I hear elements of American stability and life quality compared to a banana republic. I don't see progress there. In brief, I've lived long enough to find myself actually in the future that I once imagined, and I think it's pretty crummy. So I wind up my "It's Not Getting Done" series by outlining some of my observations concerning where this future might go from here.
To look for the future, don't look toward Washington. As described in Robert Winter-Berger's book, The Washington Payoff (a must-read, if you haven't already), Washington has its own objectives. The book's reader quickly realizes a space Settlements program will not be one of them.

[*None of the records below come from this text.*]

(* Let $\phi:\mathbb{N}\cup\{0\}\to\mathbb{R}_+$ be such that for every $C>0$ the series $\sum_{k\in\mathbb{N}}C^k\phi(k)(k!)^{-2}$ converges. Then $\mathcal{S}\subset T_\phi(V)$, i.e. the signature $S(\gamma)_{s,t}$ of every continuous bounded variation path $\gamma$ and every $s<t$ belongs to $T_\phi(V)$.
   Context: $V$ is a finite-dimensional real inner product space, $\langle\cdot,\cdot\rangle_k$ the induced Hilbert–Schmidt inner product on $V^{\otimes k}$, $T(V)=\bigoplus_kV^{\otimes k}$ (tensor polynomials) and $T((V))=\prod_kV^{\otimes k}$ (formal tensor series). $\langle a,b\rangle_\phi=\sum_k\phi(k)\langle a_k,b_k\rangle_k$ and $T_\phi(V)$ is the Hilbert space completion of $T(V)$ under it, viewed inside $T((V))$. Signature: $S(\gamma)_{s,t}=1+\sum_{k\ge1}\int_{s<u_1<\dots<u_k<t}d\gamma_{u_1}\otimes\cdots\otimes d\gamma_{u_k}$, and $\mathcal{S}=\{S(\gamma)_{s,t}:\gamma \text{ continuous of bounded variation},\ s<t\}$. *)

theory Defs
  imports "HOL-Analysis.Analysis"
begin

definition is_partition :: "real \<Rightarrow> real \<Rightarrow> nat \<Rightarrow> (nat \<Rightarrow> real) \<Rightarrow> bool" where
  "is_partition a b n x \<longleftrightarrow> x 0 = a \<and> x n = b \<and> (\<forall>j<n. x j \<le> x (Suc j))"

definition bounded_variation_on :: "(real \<Rightarrow> 'v::real_normed_vector) \<Rightarrow> real \<Rightarrow> real \<Rightarrow> bool" where
  "bounded_variation_on \<gamma> a b \<longleftrightarrow>
     (\<exists>M. \<forall>n x. is_partition a b n x \<longrightarrow> (\<Sum>j<n. norm (\<gamma> (x (Suc j)) - \<gamma> (x j))) \<le> M)"

definition RS_sum :: "(real \<Rightarrow> real) \<Rightarrow> (real \<Rightarrow> real) \<Rightarrow> nat \<Rightarrow> (nat \<Rightarrow> real) \<Rightarrow> (nat \<Rightarrow> real) \<Rightarrow> real" where
  "RS_sum f g n x \<tau> = (\<Sum>j<n. f (\<tau> j) * (g (x (Suc j)) - g (x j)))"

definition has_RS_integral :: "(real \<Rightarrow> real) \<Rightarrow> (real \<Rightarrow> real) \<Rightarrow> real \<Rightarrow> real \<Rightarrow> real \<Rightarrow> bool" where
  "has_RS_integral f g a b I \<longleftrightarrow>
     (\<forall>\<epsilon>>0. \<exists>\<delta>>0. \<forall>n x \<tau>. is_partition a b n x \<and>
        (\<forall>j<n. x (Suc j) - x j < \<delta> \<and> x j \<le> \<tau> j \<and> \<tau> j \<le> x (Suc j))
        \<longrightarrow> \<bar>RS_sum f g n x \<tau> - I\<bar> < \<epsilon>)"

definition RS_integral :: "(real \<Rightarrow> real) \<Rightarrow> (real \<Rightarrow> real) \<Rightarrow> real \<Rightarrow> real \<Rightarrow> real" where
  "RS_integral f g a b = (THE I. has_RS_integral f g a b I)"

text \<open>Formal tensor series in T((V)) are represented by their coordinates with respect to the
  orthonormal basis e_{i1} \<otimes> ... \<otimes> e_{ik} built from Basis: a word w (list of basis vectors)
  of length k gives the coefficient of a_k on the corresponding basis tensor.
  Coordinates on words not made of Basis vectors are irrelevant.\<close>
type_synonym 'v tensor_series = "'v list \<Rightarrow> real"

definition words :: "nat \<Rightarrow> 'v::euclidean_space list set" where
  "words k = {w. length w = k \<and> set w \<subseteq> Basis}"

definition level_norm2 :: "'v::euclidean_space tensor_series \<Rightarrow> nat \<Rightarrow> real" where
  "level_norm2 a k = (\<Sum>w\<in>words k. (a w)\<^sup>2)"

text \<open>T_phi(V): completion of T(V) under the phi-weighted inner product, viewed inside T((V)).\<close>
definition T_phi :: "(nat \<Rightarrow> real) \<Rightarrow> 'v::euclidean_space tensor_series set" where
  "T_phi \<phi> = {a. summable (\<lambda>k. \<phi> k * level_norm2 a k)}"

text \<open>Iterated integrals: word read left to right, first letter integrated at the smallest time.
  sig_rev takes the reversed word.\<close>
fun sig_rev :: "(real \<Rightarrow> 'v::euclidean_space) \<Rightarrow> real \<Rightarrow> 'v list \<Rightarrow> real \<Rightarrow> real" where
  "sig_rev \<gamma> s [] t = 1"
| "sig_rev \<gamma> s (e # w) t = RS_integral (\<lambda>u. sig_rev \<gamma> s w u) (\<lambda>u. \<gamma> u \<bullet> e) s t"

definition signature :: "(real \<Rightarrow> 'v::euclidean_space) \<Rightarrow> real \<Rightarrow> real \<Rightarrow> 'v tensor_series" where
  "signature \<gamma> s t = (\<lambda>w. sig_rev \<gamma> s (rev w) t)"

end

theory Submission
  imports Defs
begin

text \<open>Each coordinate of the signature is an iterated Riemann--Stieltjes integral against the
  coordinates of the path, and every coordinate of the path has increments dominated by those of
  the variation function V(u), the total variation of the path on [s,u]. Against such an
  integrator a continuous integrand is integrable (two fine tagged partitions are compared through
  their merge), and the indefinite integral is again continuous. Since integrating V^k/k! against
  dV gives at most V^(k+1)/(k+1)! by telescoping, induction on the word gives the bound L^k/k!
  for the coordinates on words of length k, L being the total variation. With d the dimension,
  the level-k squared norm is then at most (d L^2)^k/(k!)^2, so the hypothesis on phi with
  C = d L^2 + 1 gives summability.\<close>

section \<open>Partitions\<close>

lemma is_partition_mono:
  assumes "is_partition a b n x" "i \<le> j" "j \<le> n"
  shows "x i \<le> x j"
  using assms(2,3)
proof (induction j rule: dec_induct)
  case (step k)
  then have "x i \<le> x k" by simp
  also have "x k \<le> x (Suc k)" using assms(1) step.prems unfolding is_partition_def by simp
  finally show ?case .
qed simp

lemma is_partition_range:
  assumes "is_partition a b n x" "j \<le> n"
  shows "a \<le> x j \<and> x j \<le> b"
  using is_partition_mono[OF assms(1), of 0 j] is_partition_mono[OF assms(1), of j n] assms
  unfolding is_partition_def by auto

lemma is_partition_trivial:
  assumes "is_partition a a n x" "j \<le> n"
  shows "x j = a"
  using is_partition_range[OF assms] by simp

lemma is_partition_tail:
  "is_partition a b (Suc n) x \<Longrightarrow> is_partition (x 1) b n (x \<circ> Suc)"
  unfolding is_partition_def by auto

lemma is_partition_move_start:
  "is_partition a b (Suc m) y \<Longrightarrow> c \<le> y 1 \<Longrightarrow> is_partition c b (Suc m) (y(0 := c))"
  unfolding is_partition_def by (auto simp: less_Suc_eq_0_disj)

definition fine_tagged :: "real \<Rightarrow> nat \<Rightarrow> (nat \<Rightarrow> real) \<Rightarrow> (nat \<Rightarrow> real) \<Rightarrow> bool" where
  "fine_tagged \<delta> n x \<tau> \<longleftrightarrow> (\<forall>j<n. x (Suc j) - x j < \<delta> \<and> x j \<le> \<tau> j \<and> \<tau> j \<le> x (Suc j))"

lemma fine_tagged_mono: "fine_tagged \<delta> n x \<tau> \<Longrightarrow> \<delta> \<le> \<delta>' \<Longrightarrow> fine_tagged \<delta>' n x \<tau>"
  unfolding fine_tagged_def by force
lemma transport_limit:
  "i < L \<Longrightarrow> (\<lambda>t. transport s t y i) \<longlonglongrightarrow>
     Plam c \<gamma> T s * (\<Sum>j<L. v j * mat_vec L (Qm N L E a c \<gamma> T s) y j)"
proof -
  assume "i < L"
  let ?m = "max s T"
  have "(\<lambda>n. mat_vec L (matpow L (Wbar N L E) n) (\<lambda>j. transport s ?m y j) i)
      \<longlonglongrightarrow> (\<Sum>j<L. v j * transport s ?m y j)"
    unfolding mat_vec_def using Wbar_power_limit \<open>i < L\<close> by (intro tendsto_intros) auto
  from tendsto_mult[OF LIMSEQ_prod_one_minus_lam[OF c_pos c_lt_1 gamma_pos] this]
  have "(\<lambda>n. transport s (n + ?m) y i) \<longlonglongrightarrow> Plam c \<gamma> T s * (\<Sum>j<L. v j * transport s ?m y j)"
    by (simp add: Plam_def transport_after_Tf[OF \<open>i < L\<close>])
  then show ?thesis by (simp add: Qm_eq_transport LIMSEQ_offset)
qed

lemma abs_xtL_term_le: "j < L \<Longrightarrow> \<bar>xtL_term N L E a c \<gamma> (\<lambda>j. x j 0) j k\<bar> \<le> lam c \<gamma> k * \<eta>"
proof -
  assume "j < L"
  have "\<bar>lam c \<gamma> k * x l 0\<bar> \<le> lam c \<gamma> k * \<eta>" if "l < L" for l
    using initial_bound[OF that] lam_pos[OF c_pos, of \<gamma> k]
    by (simp add: abs_mult mult_left_mono)
  then have "\<bar>transport (Suc k) (max (Suc k) T) (\<lambda>j. lam c \<gamma> k * x j 0) j\<bar> \<le> lam c \<gamma> k * \<eta>"
    by (rule abs_transport_le[OF \<open>j < L\<close>])
  then have "\<bar>Plam c \<gamma> T (Suc k)\<bar> * \<bar>transport (Suc k) (max (Suc k) T) (\<lambda>j. lam c \<gamma> k * x j 0) j\<bar>
      \<le> 1 * (lam c \<gamma> k * \<eta>)"
    using Plam_bounds[OF c_pos c_lt_1 gamma_pos, of T "Suc k"] by (intro mult_mono) auto
  then show ?thesis by (simp add: xtL_term_def Let_def Qm_eq_transport abs_mult)
qed

lemma summable_xtL_term: "j < L \<Longrightarrow> summable (xtL_term N L E a c \<gamma> (\<lambda>j. x j 0) j)"
  by (rule summable_comparison_test[where g="\<lambda>k. lam c \<gamma> k * \<eta>"])
     (auto simp: abs_xtL_term_le summable_lam[OF gamma_pos] intro: summable_mult2)

text \<open>The inputs lambda_k x^L(0) enter at every time, so their transports are summed by Tannery's
  theorem, with the summable majorant lambda_k eta.\<close>

lemma LIMSEQ_transported_initial_inputs:
  "i < L \<Longrightarrow> (\<lambda>t. \<Sum>k<t. transport (Suc k) t (\<lambda>j. lam c \<gamma> k * x j 0) i)
     \<longlonglongrightarrow> (\<Sum>j<L. v j * (\<Sum>k. xtL_term N L E a c \<gamma> (\<lambda>j. x j 0) j k))"
proof -
  assume "i < L"
  define y where "y k = (\<lambda>j. lam c \<gamma> k * x j 0)" for k
  define f where "f k t = (if k < t then transport (Suc k) t (y k) i else 0)" for k t
  have y_bound: "\<bar>y k j\<bar> \<le> lam c \<gamma> k * \<eta>" if "j < L" for k j
    using initial_bound[OF that] lam_pos[OF c_pos, of \<gamma> k]
    by (simp add: y_def abs_mult mult_left_mono)
  have lim: "(\<lambda>t. f k t) \<longlonglongrightarrow> (\<Sum>j<L. v j * xtL_term N L E a c \<gamma> (\<lambda>j. x j 0) j k)" for k
  proof -
    have "(\<lambda>n. f k (n + Suc k)) \<longlonglongrightarrow> Plam c \<gamma> T (Suc k)
        * (\<Sum>j<L. v j * mat_vec L (Qm N L E a c \<gamma> T (Suc k)) (y k) j)"
      using LIMSEQ_ignore_initial_segment[OF transport_limit[OF \<open>i < L\<close>, where s="Suc k" and y="y k"], of "Suc k"]
      by (simp add: f_def)
    then have "f k \<longlonglongrightarrow> Plam c \<gamma> T (Suc k)
        * (\<Sum>j<L. v j * mat_vec L (Qm N L E a c \<gamma> T (Suc k)) (y k) j)"
      by (rule LIMSEQ_offset)
    then show ?thesis
      by (simp add: xtL_term_def Let_def y_def sum_distrib_left mult_ac)
  qed
  have bound: "eventually (\<lambda>(k, n). norm (f k n) \<le> lam c \<gamma> k * \<eta>) (at_top \<times>\<^sub>F sequentially)"
  proof (rule always_eventually, clarify)
    fix k n
    have "0 \<le> lam c \<gamma> k * \<eta>" using y_bound[of 0 k] \<open>i < L\<close> by linarith
    then show "norm (f k n) \<le> lam c \<gamma> k * \<eta>"
      using abs_transport_le[OF \<open>i < L\<close> y_bound] by (simp add: f_def)
  qed
  have "(\<lambda>n. \<Sum>k. f k n)
      \<longlonglongrightarrow> (\<Sum>k. \<Sum>j<L. v j * xtL_term N L E a c \<gamma> (\<lambda>j. x j 0) j k)"
    using tannerys_theorem[OF lim bound summable_mult2[OF summable_lam[OF gamma_pos]]] by simp
  moreover have "(\<Sum>k. f k n) = (\<Sum>k<n. transport (Suc k) n (y k) i)" for n
    by (subst suminf_finite[of "{..<n}"]) (auto simp: f_def)
  moreover have "(\<Sum>k. \<Sum>j<L. v j * xtL_term N L E a c \<gamma> (\<lambda>j. x j 0) j k)
      = (\<Sum>j<L. v j * (\<Sum>k. xtL_term N L E a c \<gamma> (\<lambda>j. x j 0) j k))"
    by (subst suminf_sum) (auto intro: summable_mult summable_xtL_term simp: suminf_mult summable_xtL_term)
  ultimately show ?thesis by (simp add: y_def)
qed
lemma bromwich_admissible_divide_one_plus_powr:
  assumes "bromwich_admissible \<nu> F" "0 < \<nu>" "\<nu> \<le> 1"
  shows "bromwich_admissible \<nu> (\<lambda>s. F s / (1 + s powr of_real \<nu>))"
proof -
  obtain C p b where hol: "F holomorphic_on {s. 0 < Re s}" and b: "0 < b"
    and bound: "\<And>s. 0 < Re s \<Longrightarrow> norm (F s) \<le> C * norm s powr p * exp (- b * norm s powr \<nu>)"
    using assms(1) by (rule bromwich_admissibleE) blast
  have ge1: "1 \<le> norm (1 + s powr of_real \<nu>)" if "0 < Re s" for s
    using norm_one_plus_powr_ge_one[OF that assms(2,3)] .
  have "norm (F s / (1 + s powr of_real \<nu>)) \<le> C * norm s powr p * exp (- b * norm s powr \<nu>)"
    if s: "0 < Re s" for s
  proof -
    have "norm (F s / (1 + s powr of_real \<nu>)) \<le> norm (F s)"
      using ge1[OF s] by (simp add: norm_divide divide_le_eq mult_le_cancel_left1)
    thus ?thesis using bound[OF s] by linarith
  qed
  moreover have "(\<lambda>s. F s / (1 + s powr of_real \<nu>)) holomorphic_on {s. 0 < Re s}"
    using hol ge1 by (intro holomorphic_on_divide holomorphic_intros holomorphic_on_powr_right_half_plane) force+
  ultimately show ?thesis using b by (intro bromwich_admissibleI)
qed
lemma plausible_iff_supported:
  assumes "valid_lottery_instance m k L"
  shows "plausible L A \<longleftrightarrow> (\<forall>i<length L. \<exists>(p, S)\<in>set (L ! i). set S = A i)"
proof -
  have "\<forall>(p, S)\<in>set (L ! i). p > 0" if "i < length L" for i
    using assms that nth_mem unfolding valid_lottery_instance_def by blast
  then show ?thesis
    by (simp add: plausible_def sum_list_if_pos_iff)
qed

lemma supported_set_eq_singleton:
  assumes "valid_lottery_instance m k L" and "singleton_lotteries L"
    and "i < length L" and "(p, S) \<in> set (L ! i)" and "c \<in> set S"
  shows "set S = {c}"
proof -
  have "L ! i \<in> set L"
    using assms(3) by simp
  with assms(1,2,4) have "card (set S) = 1"
    unfolding valid_lottery_instance_def singleton_lotteries_def by fastforce
  with assms(5) show ?thesis
    by (metis card_1_singletonE singletonD)
qed

lemma supported_candidate_less:
  assumes "valid_lottery_instance m k L" and "i < length L" and "in_support c (L ! i)"
  shows "c < m"
proof -
  obtain p S where "(p, S) \<in> set (L ! i)" and "c \<in> set S"
    using assms(3) by (auto simp: in_support_iff)
  moreover have "L ! i \<in> set L"
    using assms(2) by simp
  ultimately show ?thesis
    using assms(1) unfolding valid_lottery_instance_def by fastforce
qed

I hope some of us will find ways to make this existing situation less grim than it appears. I regret the immense national cash flow into Washington goes ...where it goes; but let's act from what reality is, rather than sit around swapping regrets about what reality could be. To look for the future, look up toward space. Given money; our young peoples remarkable capacity for accomplishment; good leadership; and a few years of time, a space Settlements program with its economic and cultural benefits is only as far away as a lot of work.
(That was true in 1970, so why not now?)
Of course, it helps to watch what is, or isn't, in anyone's pipeline. China, Russia, India, America, you name it. The future will not appear, surprise, out of nowhere and no precursor signals. A rabbit out of a hat. In fact, some things must happen before others, and anyone can project a plausible sequence. I've been talking about what must happen before a human culture in space happens. Space is hard but provided the preliminary work is done, it's accessible.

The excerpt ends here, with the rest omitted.